*Saved data entries*

Segment Open

lemma peval_ECodeDrop [simp]: "peval \<phi> xs (ECodeDrop i x) = code_drop (peval \<phi> xs i) (peval \<phi> xs x)"
proof -
  have "natrec (peval \<phi> xs x) (\<lambda>j r. peval \<phi> (r # j # xs) (ECodeTl (Var 0))) n = code_drop n (peval \<phi> xs x)" for n
    by (induction n) (simp_all add: code_drop_def)
  then show ?thesis by (simp add: ECodeDrop_def)
qed

lemma peval_ECodeNth [simp]: "peval \<phi> xs (ECodeNth x i) = code_nth (peval \<phi> xs x) (peval \<phi> xs i)"
  by (simp add: ECodeNth_def code_nth_def)

lemma peval_ECFact [simp]: "peval \<phi> xs (ECFact e ys y) = cfact (peval \<phi> xs e) (peval \<phi> xs ys) (peval \<phi> xs y)"
  by (simp add: ECFact_def cfact_def)

lemma peval_EEarlier [simp]:
  "peval \<phi> xs (EEarlier C m k) =
   (if \<exists>l<peval \<phi> xs m. pfst (code_nth (peval \<phi> xs C) l) = peval \<phi> xs k then 1 else 0)"
  by (simp add: EEarlier_def)

lemma scoped_code_ops [simp]:
  "scoped n (ECodeHd x) = scoped n x"
  "scoped n (ECodeTl x) = scoped n x"
  "scoped n (ECodeDrop i x) = (scoped n i \<and> scoped n x)"
  "scoped n (ECodeNth x i) = (scoped n x \<and> scoped n i)"
  "scoped n (ECFact e ys y) = (scoped n e \<and> scoped n ys \<and> scoped n y)"
  "scoped n (EEarlier C m k) = (scoped n C \<and> scoped n m \<and> scoped n k)"
  by (auto simp: ECodeHd_def ECodeTl_def ECodeDrop_def ECodeNth_def ECFact_def EEarlier_def)
(* Let $n$ be a positive integer. Then: (1) For any symmetric bilinear form $S\in \mathcal{S}_n(k)$ there exist units $u_1, \dots, u_n \in k^\times$ such that $S$ is naively homotopic to the diagonal form $\langle u_1,\dots,u_n \rangle$. (2) For any pointed rational function $f\in \mathcal{F}_n(k)$ there exist units $u_1, \dots, u_n \in k^\times$ such that $f$ and $[u_1,\dots,u_n]$ are in the same pointed naive homotopy class.
   Context: Let $k$ be a field. $\mathcal{S}_n$ is the scheme of non-degenerate $n\times n$ symmetric matrices; two elements of $\mathcal{S}_n(k)$ are naively homotopic if they are linked by a finite chain of elements of $\mathcal{S}_n(k[T])$ evaluated at $T=0$ and $T=1$. $\mathcal{F}_n(k)$ is the set of pointed degree $n$ rational functions $\frac AB$ ($A\in k[X]$ monic of degree $n$, $\deg B<n$, $\mathrm{res}_{n,n}(A,B)\neq0$); pointed naive homotopy is the equivalence relation generated by elements of $\mathcal{F}_n(k[T])$ evaluated at $T=0,1$. $\langle u_1,\dots,u_n\rangle$ denotes the diagonal form $\langle u_1\rangle\oplus\dots\oplus\langle u_n\rangle\in\mathcal{S}_n(k)$, and $[u_1,\dots,u_n]$ denotes the rational function $\frac{X}{u_1}\oplus^{\mathrm{N}}\dots\oplus^{\mathrm{N}}\frac{X}{u_n}\in\mathcal{F}_n(k)$, where $\oplus^{\mathrm{N}}$ is defined by: if $A_iU_i+B_iV_i=1$ are Bézout relations ($\deg U_i\leq n_i-2$, $\deg V_i\leq n_i-1$), then $\frac{A_1}{B_1}\oplus^{\mathrm{N}}\frac{A_2}{B_2}=\frac{A_3}{B_3}$ with $\begin{bmatrix}A_3 & -V_3\\ B_3 & U_3\end{bmatrix} = \begin{bmatrix}A_1 & -V_1\\ B_1 & U_1\end{bmatrix}\begin{bmatrix}A_2 & -V_2\\ B_2 & U_2\end{bmatrix}$. *)

theory Defs
  imports "Jordan_Normal_Form.Determinant" "Subresultants.Resultant_Prelim"
begin

definition sym_nondeg :: "nat \<Rightarrow> 'r::comm_ring_1 mat set" where
  "sym_nondeg n = {M. M \<in> carrier_mat n n \<and> transpose_mat M = M \<and> det M dvd 1}"

definition eval_mat :: "'a::comm_ring_1 poly mat \<Rightarrow> 'a \<Rightarrow> 'a mat" where
  "eval_mat M t = map_mat (\<lambda>p. poly p t) M"

definition sym_elem_htpy :: "nat \<Rightarrow> 'a::field mat \<Rightarrow> 'a mat \<Rightarrow> bool" where
  "sym_elem_htpy n S1 S2 \<longleftrightarrow> (\<exists>H \<in> sym_nondeg n. eval_mat H 0 = S1 \<and> eval_mat H 1 = S2)"

definition sym_naive_htpc :: "nat \<Rightarrow> 'a::field mat \<Rightarrow> 'a mat \<Rightarrow> bool" where
  "sym_naive_htpc n = (\<lambda>x y. sym_elem_htpy n x y \<or> sym_elem_htpy n y x)\<^sup>*\<^sup>*"

definition diag_form :: "'a::field list \<Rightarrow> 'a mat" where
  "diag_form us = mat (length us) (length us) (\<lambda>(i,j). if i = j then us ! i else 0)"

text \<open>F_n(R): pointed degree n rational functions A/B, represented as pairs (A,B),
  A monic of degree n, deg B < n, res_{n,n}(A,B) a unit of R.\<close>
definition ratfun :: "nat \<Rightarrow> ('r::comm_ring_1 poly \<times> 'r poly) set" where
  "ratfun n = {(A,B). lead_coeff A = 1 \<and> degree A = n \<and> degree B < n
                      \<and> resultant_sub n n A B dvd 1}"

text \<open>Evaluation of an element over k[T] (polynomials in X with coefficients in k[T]) at T = t.\<close>
definition eval_ratfun :: "'a::comm_ring_1 poly poly \<times> 'a poly poly \<Rightarrow> 'a \<Rightarrow> 'a poly \<times> 'a poly" where
  "eval_ratfun f t = (map_poly (\<lambda>c. poly c t) (fst f), map_poly (\<lambda>c. poly c t) (snd f))"

definition ratfun_elem_htpy :: "nat \<Rightarrow> 'a::field poly \<times> 'a poly \<Rightarrow> 'a poly \<times> 'a poly \<Rightarrow> bool" where
  "ratfun_elem_htpy n f g \<longleftrightarrow> (\<exists>H \<in> ratfun n. eval_ratfun H 0 = f \<and> eval_ratfun H 1 = g)"

definition ratfun_naive_htpc :: "nat \<Rightarrow> 'a::field poly \<times> 'a poly \<Rightarrow> 'a poly \<times> 'a poly \<Rightarrow> bool" where
  "ratfun_naive_htpc n = (\<lambda>x y. ratfun_elem_htpy n x y \<or> ratfun_elem_htpy n y x)\<^sup>*\<^sup>*"

text \<open>Bezout coefficients (U,V) with A U + B V = 1, deg U \<le> deg A - 2, deg V \<le> deg A - 1
  (the zero polynomial has degree -\<infinity>).\<close>
definition bezout_UV :: "'a::field poly \<Rightarrow> 'a poly \<Rightarrow> 'a poly \<times> 'a poly" where
  "bezout_UV A B = (THE (U,V). A * U + B * V = 1
       \<and> (U = 0 \<or> degree U + 2 \<le> degree A) \<and> (V = 0 \<or> degree V + 1 \<le> degree A))"

text \<open>The naive sum: first column of the product of the 2x2 matrices [[A,-V],[B,U]].\<close>
definition oplusN :: "'a::field poly \<times> 'a poly \<Rightarrow> 'a poly \<times> 'a poly \<Rightarrow> 'a poly \<times> 'a poly" where
  "oplusN f g = (let (A1,B1) = f; (A2,B2) = g; (U1,V1) = bezout_UV A1 B1
                 in (A1 * A2 - V1 * B2, B1 * A2 + U1 * B2))"

text \<open>[u_1,...,u_n] = X/u_1 \<oplus>N ... \<oplus>N X/u_n (X/u is the pair (X, u)).\<close>
fun diag_ratfun :: "'a::field list \<Rightarrow> 'a poly \<times> 'a poly" where
  "diag_ratfun [] = (1, 0)"
| "diag_ratfun [u] = ([:0,1:], [:u:])"
| "diag_ratfun (u # us) = oplusN ([:0,1:], [:u:]) (diag_ratfun us)"

end

theory Submission
  imports Defs
begin

text \<open>Both parts split off one rank-one summand at a time. For a symmetric matrix, congruence by a
  unipotent matrix \<open>E(w)\<close> is naively homotopic to the identity through \<open>E(T w)\<close>, so symmetric
  Gaussian elimination is available: it makes the last diagonal entry nonzero and then clears the
  last row, giving \<open>S\<^sub>0 \<oplus> \<langle>u\<rangle>\<close>. The one obstruction to elimination, a hyperbolic plane in
  characteristic 2, is removed by the homotopy \<open>S + T e\<^sub>l e\<^sub>l\<^sup>T\<close>, which does not change the
  determinant.

  For rational functions, invertibility of the resultant is equivalent to a B\'ezout relation
  \<open>A U + B V = 1\<close>, and \<open>\<oplus>\<^sup>N\<close> is multiplication by a matrix \<open>[[A, -V], [B, U]]\<close> of
  determinant 1. Deforming either factor of such a product along \<open>T\<close> is a naive homotopy. A
  Euclidean division step and two such deformations turn any \<open>A/B\<close> into one with
  \<open>deg B = n - 1\<close>, and after a shift \<open>A \<mapsto> A + c B\<close> this equals \<open>X/u \<oplus>\<^sup>N g\<close> with \<open>g\<close> of degree
  \<open>n - 1\<close>.\<close>

lemma rtranclp_symmetric_map:
  assumes "(\<lambda>x y. R x y \<or> R y x)\<^sup>*\<^sup>* a b"
    and "\<And>x y. R x y \<Longrightarrow> Q (f x) (f y)"
  shows "(\<lambda>x y. Q x y \<or> Q y x)\<^sup>*\<^sup>* (f a) (f b)"
  using assms(1)
proof (induction rule: rtranclp_induct)
  case (step y z)
  then have "Q (f y) (f z) \<or> Q (f z) (f y)" using assms(2) by blast
  with step.IH show ?case by (rule rtranclp.rtrancl_into_rtrancl)
qed simp

lemma rtranclp_symmetric_invariant:
  assumes "(\<lambda>x y. R x y \<or> R y x)\<^sup>*\<^sup>* a b" and "P a"
    and "\<And>x y. R x y \<Longrightarrow> P x \<and> P y"
  shows "P b"
  using assms(1,2) by (induction rule: rtranclp_induct) (use assms(3) in blast)+

lemma comm_ring_hom_const_poly: "comm_ring_hom (\<lambda>x::'a::comm_ring_1. [:x:])"
  by unfold_locales (simp_all add: one_pCons)

lemma det_const_poly_mat [simp]: "det (map_mat (\<lambda>x. [:x:]) S) = [:det S:]"
  by (rule comm_ring_hom.hom_det[OF comm_ring_hom_const_poly])

section \<open>Symmetric forms\<close>

lemma sym_naive_htpc_refl [simp]: "sym_naive_htpc n S S"
  by (simp add: sym_naive_htpc_def)

lemma sym_naive_htpc_trans [trans]:
  "sym_naive_htpc n S T \<Longrightarrow> sym_naive_htpc n T R \<Longrightarrow> sym_naive_htpc n S R"
  unfolding sym_naive_htpc_def by (rule rtranclp_trans)

lemma sym_elem_htpy_imp_naive_htpc: "sym_elem_htpy n S T \<Longrightarrow> sym_naive_htpc n S T"
  unfolding sym_naive_htpc_def by (simp add: r_into_rtranclp)

lemma sym_nondegI:
  assumes "S \<in> carrier_mat n n" and "\<And>i j. i < n \<Longrightarrow> j < n \<Longrightarrow> S $$ (j, i) = S $$ (i, j)"
    and "det S dvd 1"
  shows "S \<in> sym_nondeg n"
proof -
  have "transpose_mat S = S" by (rule eq_matI) (use assms(1,2) in auto)
  then show ?thesis using assms unfolding sym_nondeg_def by auto
qed

lemma sym_nondegD:
  assumes "S \<in> sym_nondeg n"
  shows "S \<in> carrier_mat n n" "det S dvd 1"
    and "\<And>i j. i < n \<Longrightarrow> j < n \<Longrightarrow> S $$ (j, i) = S $$ (i, j)"
proof -
  show S: "S \<in> carrier_mat n n" "det S dvd 1" using assms by (auto simp: sym_nondeg_def)
  fix i j assume "i < n" "j < n"
  then have "transpose_mat S $$ (i, j) = S $$ (j, i)" using S by auto
  then show "S $$ (j, i) = S $$ (i, j)" using assms by (simp add: sym_nondeg_def)
qed

lemma eval_mat_dim [simp]:
  "dim_row (eval_mat A t) = dim_row A" "dim_col (eval_mat A t) = dim_col A"
  by (simp_all add: eval_mat_def)

lemma eval_mat_carrier [simp]: "eval_mat A t \<in> carrier_mat n m \<longleftrightarrow> A \<in> carrier_mat n m"
  unfolding carrier_mat_def by simp

lemma eval_mat_index [simp]:
  "i < dim_row A \<Longrightarrow> j < dim_col A \<Longrightarrow> eval_mat A t $$ (i, j) = poly (A $$ (i, j)) t"
  by (simp add: eval_mat_def)

lemma eval_mat_mult:
  "A \<in> carrier_mat nr n \<Longrightarrow> B \<in> carrier_mat n nc \<Longrightarrow> eval_mat (A * B) t = eval_mat A t * eval_mat B t"
  unfolding eval_mat_def by (rule semiring_hom.mat_hom_mult[OF poly_hom.semiring_hom_axioms])

lemma eval_mat_transpose: "eval_mat (transpose_mat A) t = transpose_mat (eval_mat A t)"
  by (rule eq_matI) (auto simp: eval_mat_def)

lemma det_eval_mat: "det (eval_mat A t) = poly (det A) t"
  unfolding eval_mat_def by (rule comm_ring_hom.hom_det[OF poly_hom.comm_ring_hom_axioms])

lemma eval_mat_const [simp]: "eval_mat (map_mat (\<lambda>x. [:x:]) S) t = S"
  by (rule eq_matI) (auto simp: eval_mat_def)

lemma sym_nondeg_eval_mat:
  assumes "H \<in> sym_nondeg n"
  shows "eval_mat H t \<in> sym_nondeg n"
proof (rule sym_nondegI)
  note H = sym_nondegD[OF assms]
  show "eval_mat H t \<in> carrier_mat n n" using H(1) by simp
  show "eval_mat H t $$ (j, i) = eval_mat H t $$ (i, j)" if "i < n" "j < n" for i j
    using H(1) H(3)[OF that] that by simp
  show "det (eval_mat H t) dvd 1"
    unfolding det_eval_mat by (rule poly_hom.hom_dvd_1[OF H(2)])
qed

lemma sym_naive_htpc_sym_nondeg:
  assumes "sym_naive_htpc n S T" and "S \<in> sym_nondeg n"
  shows "T \<in> sym_nondeg n"
  using assms unfolding sym_naive_htpc_def
  by (rule rtranclp_symmetric_invariant) (auto simp: sym_elem_htpy_def sym_nondeg_eval_mat)
lemma neg_D_div_z_ge_right_endpoint_if_large:
  fixes z h D D' g :: "real \<Rightarrow> real"
  assumes G: "0 < G" and H: "\<And>x. x \<in> {a..s} \<Longrightarrow>
        (z has_real_derivative h x - c - D x * g x / z x) (at x) \<and> (D has_real_derivative D' x) (at x)
        \<and> 0 < z x * g x \<and> \<bar>D' x\<bar> \<le> K \<and> \<bar>h x - c\<bar> \<le> M \<and> G \<le> \<bar>g x\<bar>"
    and large: "1 < - (D s / z s)" "K + M + 1 < - (D s / z s) * G"
    and x: "x \<in> {a..s}"
  shows "- (D s / z s) \<le> - (D x / z x)"
proof (rule ge_right_endpoint_if_decreasing_above[where F="\<lambda>x. - (D x / z x)" and a=a and b=s
      and T="max 1 ((K + M + 1) / G)"])
  show "continuous_on {a..s} (\<lambda>x. - (D x / z x))"
  proof (intro continuous_at_imp_continuous_on ballI)
    fix x assume "x \<in> {a..s}"
    then have "isCont D x" "isCont z x" "z x \<noteq> 0" using H[of x] by (auto dest: DERIV_isCont)
    then show "isCont (\<lambda>x. - (D x / z x)) x" by (intro continuous_minus isCont_divide)
  qed
  show "max 1 ((K + M + 1) / G) < - (D s / z s)"
    using large by (simp only: max_less_iff_conj pos_divide_less_eq[OF G])
  fix y assume y: "y \<in> {a<..s}" and "max 1 ((K + M + 1) / G) < - (D y / z y)"
  then have "1 < - (D y / z y)" "K + M + 1 < - (D y / z y) * G"
    by (simp_all only: max_less_iff_conj pos_divide_less_eq[OF G])
  moreover have "- (D y / z y) * G \<le> - (D y / z y) * \<bar>g y\<bar>"
    using H[of y] y \<open>1 < - (D y / z y)\<close> by (intro mult_left_mono) auto
  ultimately show "\<exists>d. ((\<lambda>x. - (D x / z x)) has_real_derivative d) (at y) \<and> d < 0"
    using H[of y] y by (intro neg_D_div_z_decreasing_where_large) auto
qed (use x in auto)

lemma neg_D_div_z_bound_left_of_degenerate_point:
  fixes z h D D' g :: "real \<Rightarrow> real"
  assumes \<tau>: "0 \<le> \<tau>" and L: "0 < L" and K: "0 \<le> K" and M: "0 \<le> M" and s: "a \<le> s" "s < e"
    and H: "\<And>x. x \<in> {a..s} \<Longrightarrow> (z has_real_derivative h x - c - D x * g x / z x) (at x)
        \<and> z x < 0 \<and> (D has_real_derivative D' x) (at x) \<and> \<bar>D' x\<bar> \<le> K
        \<and> \<bar>h x - c\<bar> \<le> M \<and> L * (e - x) powr \<tau> \<le> - g x"
  shows "- (D s / z s) \<le> max 1 (- (D a / z a)) + (K + M + 1) / L * (e - s) powr (- \<tau>)"
proof -
  define G where "G = L * (e - s) powr \<tau>"
  have "0 < G" using L s unfolding G_def by simp
  have "(K + M + 1) / G = (K + M + 1) / L * (e - s) powr (- \<tau>)"
    unfolding G_def by (simp add: powr_minus divide_inverse)
  moreover have "0 \<le> (K + M + 1) / L * (e - s) powr (- \<tau>)" using K M L by simp
  moreover have "- (D s / z s) \<le> max (- (D a / z a)) (max 1 ((K + M + 1) / G))"
  proof (rule ccontr)
    assume "\<not> ?thesis"
    then have large: "- (D a / z a) < - (D s / z s)" "1 < - (D s / z s)"
      "(K + M + 1) / G < - (D s / z s)" by auto
    then have "K + M + 1 < - (D s / z s) * G" by (simp only: pos_divide_less_eq[OF \<open>0 < G\<close>])
    have "G \<le> \<bar>g x\<bar>" "0 < z x * g x" if "x \<in> {a..s}" for x
    proof -
      have "(e - s) powr \<tau> \<le> (e - x) powr \<tau>" using that s \<tau> by (intro powr_mono2) auto
      then have "G \<le> L * (e - x) powr \<tau>" unfolding G_def using L by simp
      moreover have "L * (e - x) powr \<tau> \<le> - g x" "z x < 0" using H[of x] that by auto
      ultimately show "G \<le> \<bar>g x\<bar>" "0 < z x * g x" using \<open>0 < G\<close> by (auto simp: zero_less_mult_iff)
    qed
    then have "- (D s / z s) \<le> - (D a / z a)"
      using H s \<open>0 < G\<close> large(2) \<open>K + M + 1 < - (D s / z s) * G\<close>
      by (intro neg_D_div_z_ge_right_endpoint_if_large[where h=h and c=c]) auto
    with large(1) show False by simp
  qed
  ultimately show ?thesis by linarith
qed

lemma D_div_z_integrable_left_of_degenerate_point:
  fixes z h D D' g :: "real \<Rightarrow> real"
  assumes \<tau>: "0 < \<tau>" "\<tau> < 1" and L: "0 < L" and K: "0 \<le> K" and M: "0 \<le> M"
    and near: "\<forall>\<^sub>F x in at_left e. (z has_real_derivative h x - c - D x * g x / z x) (at x)
        \<and> z x < 0 \<and> 0 < D x \<and> (D has_real_derivative D' x) (at x) \<and> \<bar>D' x\<bar> \<le> K
        \<and> \<bar>h x - c\<bar> \<le> M \<and> L * (e - x) powr \<tau> \<le> - g x"
  shows "\<exists>\<epsilon>>0. (\<lambda>x. D x / z x) integrable_on {e-\<epsilon>..e}"
proof -
  obtain \<epsilon> where \<epsilon>: "0 < \<epsilon>" and H: "\<And>x. x \<in> {e-\<epsilon>..<e} \<Longrightarrow>
      (z has_real_derivative h x - c - D x * g x / z x) (at x)
        \<and> z x < 0 \<and> 0 < D x \<and> (D has_real_derivative D' x) (at x) \<and> \<bar>D' x\<bar> \<le> K
        \<and> \<bar>h x - c\<bar> \<le> M \<and> L * (e - x) powr \<tau> \<le> - g x"
    using eventually_at_left_imp_Ico[OF near] by blast
  define B where "B = max 1 (- (D (e-\<epsilon>) / z (e-\<epsilon>)))"
  have "(\<lambda>x. D x / z x) integrable_on {e-\<epsilon>..e}"
  proof (rule integrable_on_Icc_if_dominated)
    show "continuous_on {e-\<epsilon><..<e} (\<lambda>x. D x / z x)"
    proof (intro continuous_at_imp_continuous_on ballI)
      fix x assume "x \<in> {e-\<epsilon><..<e}"
      then have "isCont D x" "isCont z x" "z x \<noteq> 0" using H[of x] by (auto dest: DERIV_isCont)
      then show "isCont (\<lambda>x. D x / z x) x" by (rule isCont_divide)
    qed
    show "(\<lambda>x. B + (K + M + 1) / L * (e - x) powr (- \<tau>)) integrable_on {e-\<epsilon>..e}"
      using integrable_on_powr_to_point[OF \<tau>(2), of \<epsilon> e] \<epsilon>
      by (intro integrable_add integrable_const_ivl integrable_on_mult_right) auto
    fix x assume x: "x \<in> {e-\<epsilon><..<e}"
    then have "\<bar>D x / z x\<bar> = - (D x / z x)" using H[of x] by (simp add: divide_pos_neg)
    also have "\<dots> \<le> B + (K + M + 1) / L * (e - x) powr (- \<tau>)"
      unfolding B_def using x \<tau>(1) L K M H
      by (intro neg_D_div_z_bound_left_of_degenerate_point[where h=h and c=c and g=g and D'=D']) auto
    finally show "\<bar>D x / z x\<bar> \<le> B + (K + M + 1) / L * (e - x) powr (- \<tau>)" .
  qed
  then show ?thesis using \<epsilon> by blast
qed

Segment Closed

*What to work on*
What is needed is a verbatim copy of every line in the records above from the one containing "using L by simp" down to the one containing "that by auto", both included, and nothing more.

*Your solution*
      then have "G \<le> L * (e - x) powr \<tau>" unfolding G_def using L by simp
      moreover have "L * (e - x) powr \<tau> \<le> - g x" "z x < 0" using H[of x] that by auto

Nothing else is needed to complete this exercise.